• _Material for this task_

───

text \<open>With prescribed values in [0,27] the potential stays in [0,27]; hence arcs off the
  cycle, which cost at least 100, never violate the certificate.\<close>

lemma Phi_bounds:
  assumes d: "0 \<le> d0" "d0 \<le> 27" "0 \<le> d1" "d1 \<le> 27" "0 \<le> d2" "d2 \<le> 27" and p: "p < k"
  shows "0 \<le> Phi d0 d1 d2 p \<and> Phi d0 d1 d2 p \<le> 27"
proof (cases "p \<le> 1")
  case True then show ?thesis using d unfolding Phi_def by auto
next
  case False
  define l where "l = (real k - real p) / (real k - 2)"
  have l0: "0 \<le> l" unfolding l_def using p k_minus_2_pos by simp
  have l1: "l \<le> 1" unfolding l_def using p k_minus_2_pos False by (simp add: divide_le_eq_1)
  have "Phi d0 d1 d2 p = d0 + l * (d2 - d0)" unfolding Phi_def l_def using False by simp
  then have e: "Phi d0 d1 d2 p = (1 - l) * d0 + l * d2" by (simp add: algebra_simps)
  have "(1 - l) * d0 \<le> (1 - l) * 27" using l1 d by (intro mult_left_mono) auto
  moreover have "l * d2 \<le> l * 27" using l0 d by (intro mult_left_mono) auto
  moreover have "0 \<le> (1 - l) * d0" "0 \<le> l * d2" using l0 l1 d by simp_all
  ultimately show ?thesis using e by (simp add: algebra_simps)
qed

lemma potential_bounds:
  assumes "0 \<le> d0" "d0 \<le> 27" "0 \<le> d1" "d1 \<le> 27" "0 \<le> d2" "d2 \<le> 27"
  shows "0 \<le> potential d0 d1 d2 x \<and> potential d0 d1 d2 x \<le> 27"
  unfolding potential_def using Phi_bounds[OF assms pos_lt] by auto

lemma potential_below_fwd:
  assumes h01: "w (fwd 0) \<ge> d1 - d0" and h12: "w (fwd 1) \<ge> d2 - d1"
    and h20: "\<And>p. 2 \<le> p \<Longrightarrow> p < k \<Longrightarrow> w (fwd p) * (real k - 2) \<ge> d0 - d2"
  shows "w (fwd q) \<ge> potential d0 d1 d2 (arc_head ends (fwd q)) - potential d0 d1 d2 (arc_tail ends (fwd q))"
proof -
  define p where "p = q mod k"
  have p: "p < k" unfolding p_def using k_pos by simp
  have fq: "fwd q = fwd p" using fwd_eq unfolding p_def by simp
  have hd: "potential d0 d1 d2 (arc_head ends (fwd p)) = Phi d0 d1 d2 (Suc p mod k)"
    using fwd_head potential_v by simp
  have tl: "potential d0 d1 d2 (arc_tail ends (fwd p)) = Phi d0 d1 d2 p"
    using fwd_tail potential_v p by simp
  consider "p = 0" | "p = 1" | "2 \<le> p" by linarith
  then show ?thesis
  proof cases
    case 1 then show ?thesis using fq hd tl h01 k_ge_3 Phi0 Phi1 by simp
  next
    case 2
    have "Suc p mod k = 2" using 2 k_ge_3 by simp
    then show ?thesis using fq hd tl h12 2 Phi1 Phi2 by simp
  next
    case 3
    have "w (fwd p) \<ge> (d0 - d2) / (real k - 2)" using h20[OF 3 p] k_minus_2_pos
      by (simp add: divide_le_eq)
    then show ?thesis using fq hd tl Phi_step[OF 3 p] by simp
  qed
qed
lemma distr_normal_density_add:
  "distr (density lborel (normal_density \<mu> \<sigma>)) borel (\<lambda>x. x + a) = density lborel (normal_density (\<mu> + a) \<sigma>)"
proof -
  have "density lborel (normal_density (\<mu> + a) \<sigma>)
      = density (distr lborel borel ((+) a)) (normal_density (\<mu> + a) \<sigma>)"
    by (simp add: lborel_distr_plus)
  also have "\<dots> = distr (density lborel (\<lambda>x. normal_density (\<mu> + a) \<sigma> (a + x))) borel ((+) a)"
    by (rule density_distr) simp_all
  also have "(\<lambda>x. normal_density (\<mu> + a) \<sigma> (a + x)) = normal_density \<mu> \<sigma>"
    by (simp add: normal_density_def fun_eq_iff)
  finally show ?thesis
    by (simp add: add.commute)
qed

lemma distr_gaussian_PiM_add:
  assumes "finite I" "\<And>i. 0 < \<sigma> i"
  shows "distr (gaussian_PiM I \<mu> \<sigma>) (PiM I (\<lambda>_. borel)) (\<lambda>z. \<lambda>i\<in>I. z i + a i)
           = gaussian_PiM I (\<lambda>i. \<mu> i + a i) \<sigma>"
  unfolding gaussian_PiM_def
proof (subst distr_PiM_componentwise)
  show "(\<lambda>x. x + a i) \<in> measurable (density lborel (normal_density (\<mu> i) (\<sigma> i))) borel" for i
    by simp
qed (use assms in \<open>simp_all add: prob_space_normal_density distr_normal_density_add\<close>)

lemma gaussian_PiM_eq_density_likelihood_ratio:
  assumes "finite I" "\<And>i. 0 < \<sigma> i"
  shows "gaussian_PiM I \<mu> \<sigma>
           = density (gaussian_PiM I \<mu>' \<sigma>) (\<lambda>z. \<Prod>i\<in>I. normal_likelihood_ratio (\<mu> i) (\<mu>' i) (\<sigma> i) (z i))"
proof -
  have "gaussian_PiM I \<mu> \<sigma> = PiM I (\<lambda>i. density (density lborel (normal_density (\<mu>' i) (\<sigma> i)))
                                          (normal_likelihood_ratio (\<mu> i) (\<mu>' i) (\<sigma> i)))"
    unfolding gaussian_PiM_def density_normal_likelihood_ratio ..
  also have "\<dots> = density (gaussian_PiM I \<mu>' \<sigma>)
                    (\<lambda>z. \<Prod>i\<in>I. ennreal (normal_likelihood_ratio (\<mu> i) (\<mu>' i) (\<sigma> i) (z i)))"
    unfolding gaussian_PiM_def
    using assms
    by (intro PiM_density prob_space_imp_sigma_finite prob_space_normal_density)
      (auto simp: density_normal_likelihood_ratio intro: prob_space_normal_density)
  finally show ?thesis
    by (simp add: prod_ennreal normal_likelihood_ratio_nonneg)
qed

lemma nn_integral_gaussian_likelihood_ratio_powr:
  assumes I: "finite I" and \<sigma>: "\<And>i. 0 < \<sigma> i"
  shows "(\<integral>\<^sup>+z. (\<Prod>i\<in>I. normal_likelihood_ratio (\<mu> i) (\<mu>' i) (\<sigma> i) (z i)) powr \<alpha> \<partial>gaussian_PiM I \<mu>' \<sigma>)
           = ennreal (exp (\<alpha> * (\<alpha> - 1) * (\<Sum>i\<in>I. (\<mu> i - \<mu>' i)\<^sup>2 / (2 * (\<sigma> i)\<^sup>2))))"
proof -
  interpret product_sigma_finite "\<lambda>i. density lborel (normal_density (\<mu>' i) (\<sigma> i))"
    unfolding product_sigma_finite_def
    using \<sigma> by (auto intro: prob_space_imp_sigma_finite prob_space_normal_density)
  have "(\<integral>\<^sup>+z. (\<Prod>i\<in>I. normal_likelihood_ratio (\<mu> i) (\<mu>' i) (\<sigma> i) (z i)) powr \<alpha> \<partial>gaussian_PiM I \<mu>' \<sigma>)
      = (\<integral>\<^sup>+z. (\<Prod>i\<in>I. ennreal (normal_likelihood_ratio (\<mu> i) (\<mu>' i) (\<sigma> i) (z i) powr \<alpha>)) \<partial>gaussian_PiM I \<mu>' \<sigma>)"
    by (simp add: prod_powr_distrib prod_ennreal)
  also have "\<dots> = (\<Prod>i\<in>I. \<integral>\<^sup>+x. normal_likelihood_ratio (\<mu> i) (\<mu>' i) (\<sigma> i) x powr \<alpha>
                               \<partial>density lborel (normal_density (\<mu>' i) (\<sigma> i)))"
    unfolding gaussian_PiM_def using I by (intro product_nn_integral_prod) auto
  also have "\<dots> = (\<Prod>i\<in>I. ennreal (exp (\<alpha> * (\<alpha> - 1) * ((\<mu> i - \<mu>' i)\<^sup>2 / (2 * (\<sigma> i)\<^sup>2)))))"
    using \<sigma> by (simp add: nn_integral_normal_likelihood_ratio_powr)
  also have "\<dots> = ennreal (exp (\<alpha> * (\<alpha> - 1) * (\<Sum>i\<in>I. (\<mu> i - \<mu>' i)\<^sup>2 / (2 * (\<sigma> i)\<^sup>2))))"
    using I by (simp add: prod_ennreal exp_sum sum_distrib_left)
  finally show ?thesis .
qed

lemma renyi_divergence_distr_gaussian_PiM_le:
  assumes I: "finite I" and \<sigma>: "\<And>i. 0 < \<sigma> i" and \<alpha>: "1 < \<alpha>"
    and g[measurable]: "g \<in> measurable (PiM I (\<lambda>_. borel)) N"
    and loss: "(\<Sum>i\<in>I. (\<mu> i - \<mu>' i)\<^sup>2 / (2 * (\<sigma> i)\<^sup>2)) \<le> \<rho>"
  shows "renyi_divergence \<alpha> (distr (gaussian_PiM I \<mu> \<sigma>) N g) (distr (gaussian_PiM I \<mu>' \<sigma>) N g)
           \<le> ereal (\<rho> * \<alpha>)"
proof -
  define p where "p z = (\<Prod>i\<in>I. normal_likelihood_ratio (\<mu> i) (\<mu>' i) (\<sigma> i) (z i))" for z
  have "0 \<le> \<rho>"
    using loss by (rule order_trans[rotated]) (simp add: sum_nonneg)
  have "\<alpha> * (\<alpha> - 1) * (\<Sum>i\<in>I. (\<mu> i - \<mu>' i)\<^sup>2 / (2 * (\<sigma> i)\<^sup>2)) \<le> (\<alpha> - 1) * (\<rho> * \<alpha>)"
    using \<alpha> loss by (simp add: mult.commute mult.left_commute mult_left_mono)
  then have moment: "(\<integral>\<^sup>+z. p z powr \<alpha> \<partial>gaussian_PiM I \<mu>' \<sigma>) \<le> ennreal (exp ((\<alpha> - 1) * (\<rho> * \<alpha>)))"
    unfolding p_def nn_integral_gaussian_likelihood_ratio_powr[OF I \<sigma>] by (intro ennreal_leI) simp
  have "renyi_divergence \<alpha> (distr (density (gaussian_PiM I \<mu>' \<sigma>) p) N g) (distr (gaussian_PiM I \<mu>' \<sigma>) N g)
          \<le> ereal (\<rho> * \<alpha>)"
    using \<sigma> \<alpha> \<open>0 \<le> \<rho>\<close> moment
    by (intro renyi_divergence_distr_density_le prob_space_gaussian_PiM)
      (auto simp: p_def prod_nonneg normal_likelihood_ratio_nonneg)
  then show ?thesis
    by (subst gaussian_PiM_eq_density_likelihood_ratio[OF I \<sigma>, where \<mu>=\<mu> and \<mu>'=\<mu>']) (simp add: p_def)
qed

lemma zCDP_gaussian_mechanism:
  fixes M :: "(real \<times> real) list \<Rightarrow> 'b measure"
  assumes I: "finite I" and \<sigma>: "\<And>i. 0 < \<sigma> i" and g: "g \<in> measurable (PiM I (\<lambda>_. borel)) N"
    and M: "\<And>xs. M xs = distr (gaussian_PiM I (\<mu> xs) \<sigma>) N g"
    and loss: "\<And>xs xs'. neighboring n xs xs' \<Longrightarrow> (\<Sum>i\<in>I. (\<mu> xs i - \<mu> xs' i)\<^sup>2 / (2 * (\<sigma> i)\<^sup>2)) \<le> \<rho>"
  shows "zCDP n \<rho> M"
  unfolding zCDP_def M using renyi_divergence_distr_gaussian_PiM_le[OF I \<sigma> _ g loss] by blast
lemma coupling_marginal_cdfs:
  assumes "\<gamma> \<in> couplings \<mu> \<nu>"
  shows "measure \<mu> {..x} = measure \<gamma> {z. fst z \<le> x}"
    and "measure \<nu> {..x} = measure \<gamma> {z. snd z \<le> x}"
proof -
  have sets: "sets \<gamma> = sets (borel \<Otimes>\<^sub>M borel)"
    and marginals: "distr \<gamma> borel fst = \<mu>" "distr \<gamma> borel snd = \<nu>"
    using assms by (auto simp: couplings_def)
  have space: "space \<gamma> = UNIV"
    using sets_eq_imp_space_eq[OF sets] by (simp add: space_pair_measure)
  have "fst \<in> measurable \<gamma> borel" "snd \<in> measurable \<gamma> borel"
    by (simp_all add: measurable_cong_sets[OF sets refl])
  then show "measure \<mu> {..x} = measure \<gamma> {z. fst z \<le> x}"
    and "measure \<nu> {..x} = measure \<gamma> {z. snd z \<le> x}"
    unfolding marginals[symmetric] by (simp_all add: measure_distr space vimage_def)
qed

lemma coupling_Markov_inequality:
  assumes coupling: "\<gamma> \<in> couplings \<mu> \<nu>"
    and cost: "(\<integral>\<^sup>+ z. ennreal ((fst z - snd z)\<^sup>2) \<partial>\<gamma>) \<le> ennreal E"
    and "0 < t" "0 \<le> E"
  shows "measure \<gamma> {z. t < \<bar>fst z - snd z\<bar>} \<le> E / t\<^sup>2"
proof -
  define S where "S = {z::real \<times> real. t < \<bar>fst z - snd z\<bar>}"
  interpret prob_space \<gamma>
    using coupling by (simp add: couplings_def)
  have "{z \<in> space (borel \<Otimes>\<^sub>M borel). t < \<bar>fst z - snd z\<bar>} \<in> sets (borel \<Otimes>\<^sub>M borel)"
    by measurable
  then have S: "S \<in> sets \<gamma>"
    using coupling by (simp add: S_def couplings_def space_pair_measure)
  have "ennreal (t\<^sup>2) * emeasure \<gamma> S = (\<integral>\<^sup>+ z. ennreal (t\<^sup>2) * indicator S z \<partial>\<gamma>)"
    by (rule nn_integral_cmult_indicator[OF S, symmetric])
  also have "\<dots> \<le> (\<integral>\<^sup>+ z. ennreal ((fst z - snd z)\<^sup>2) \<partial>\<gamma>)"
  proof (rule nn_integral_mono)
    fix z :: "real \<times> real"
    have "t\<^sup>2 \<le> (fst z - snd z)\<^sup>2" if "z \<in> S"
      using that \<open>0 < t\<close> unfolding S_def
      by (metis abs_le_square_iff abs_of_pos less_imp_le mem_Collect_eq)
    then show "ennreal (t\<^sup>2) * indicator S z \<le> ennreal ((fst z - snd z)\<^sup>2)"
      by (cases "z \<in> S") (simp_all add: ennreal_leI)
  qed
  also have "\<dots> \<le> ennreal E" by (rule cost)
  finally have "t\<^sup>2 * measure \<gamma> S \<le> E"
    using \<open>0 \<le> E\<close> by (simp add: emeasure_eq_measure flip: ennreal_mult'')
  then show ?thesis
    using \<open>0 < t\<close> by (simp add: S_def field_simps)
qed

lemma coupling_cdf_shift:
  assumes coupling: "\<gamma> \<in> couplings \<mu> \<nu>"
    and cost: "(\<integral>\<^sup>+ z. ennreal ((fst z - snd z)\<^sup>2) \<partial>\<gamma>) \<le> ennreal E"
    and "0 < t" "0 \<le> E"
  shows "measure \<nu> {..x} - E / t\<^sup>2 \<le> measure \<mu> {..x + t}"
    and "measure \<mu> {..x - t} \<le> measure \<nu> {..x} + E / t\<^sup>2"
proof -
  interpret prob_space \<gamma>
    using coupling by (simp add: couplings_def)
  define S where "S = {z::real \<times> real. t < \<bar>fst z - snd z\<bar>}"
  have far: "measure \<gamma> S \<le> E / t\<^sup>2"
    unfolding S_def by (rule coupling_Markov_inequality[OF assms])
  have sets_pred: "{z. P z} \<in> sets \<gamma>" if "Measurable.pred (borel \<Otimes>\<^sub>M borel) P" for P
    using that coupling by (simp add: couplings_def pred_def space_pair_measure)
  have measurable: "S \<in> sets \<gamma>" "{z. fst z \<le> y} \<in> sets \<gamma>" "{z. snd z \<le> y} \<in> sets \<gamma>" for y
    unfolding S_def by (rule sets_pred, measurable)+
  have "measure \<gamma> {z. snd z \<le> x} \<le> measure \<gamma> ({z. fst z \<le> x + t} \<union> S)"
    by (intro finite_measure_mono sets.Un measurable) (auto simp: S_def)
  also have "\<dots> \<le> measure \<gamma> {z. fst z \<le> x + t} + measure \<gamma> S"
    by (intro measure_Un_le measurable)
  finally show "measure \<nu> {..x} - E / t\<^sup>2 \<le> measure \<mu> {..x + t}"
    using far by (simp add: coupling_marginal_cdfs[OF coupling])
  have "measure \<gamma> {z. fst z \<le> x - t} \<le> measure \<gamma> ({z. snd z \<le> x} \<union> S)"
    by (intro finite_measure_mono sets.Un measurable) (auto simp: S_def)
  also have "\<dots> \<le> measure \<gamma> {z. snd z \<le> x} + measure \<gamma> S"
    by (intro measure_Un_le measurable)
  finally show "measure \<mu> {..x - t} \<le> measure \<nu> {..x} + E / t\<^sup>2"
    using far by (simp add: coupling_marginal_cdfs[OF coupling])
qed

───

• _Task_
Write out only the lines that run from the line containing "k_pos by simp" through the line containing "(arc_tail ends (fwd p))", both included, exactly as they appear above.

• _Answer box_
  have p: "p < k" unfolding p_def using k_pos by simp
  have fq: "fwd q = fwd p" using fwd_eq unfolding p_def by simp
  have hd: "potential d0 d1 d2 (arc_head ends (fwd p)) = Phi d0 d1 d2 (Suc p mod k)"
    using fwd_head potential_v by simp
  have tl: "potential d0 d1 d2 (arc_tail ends (fwd p)) = Phi d0 d1 d2 p"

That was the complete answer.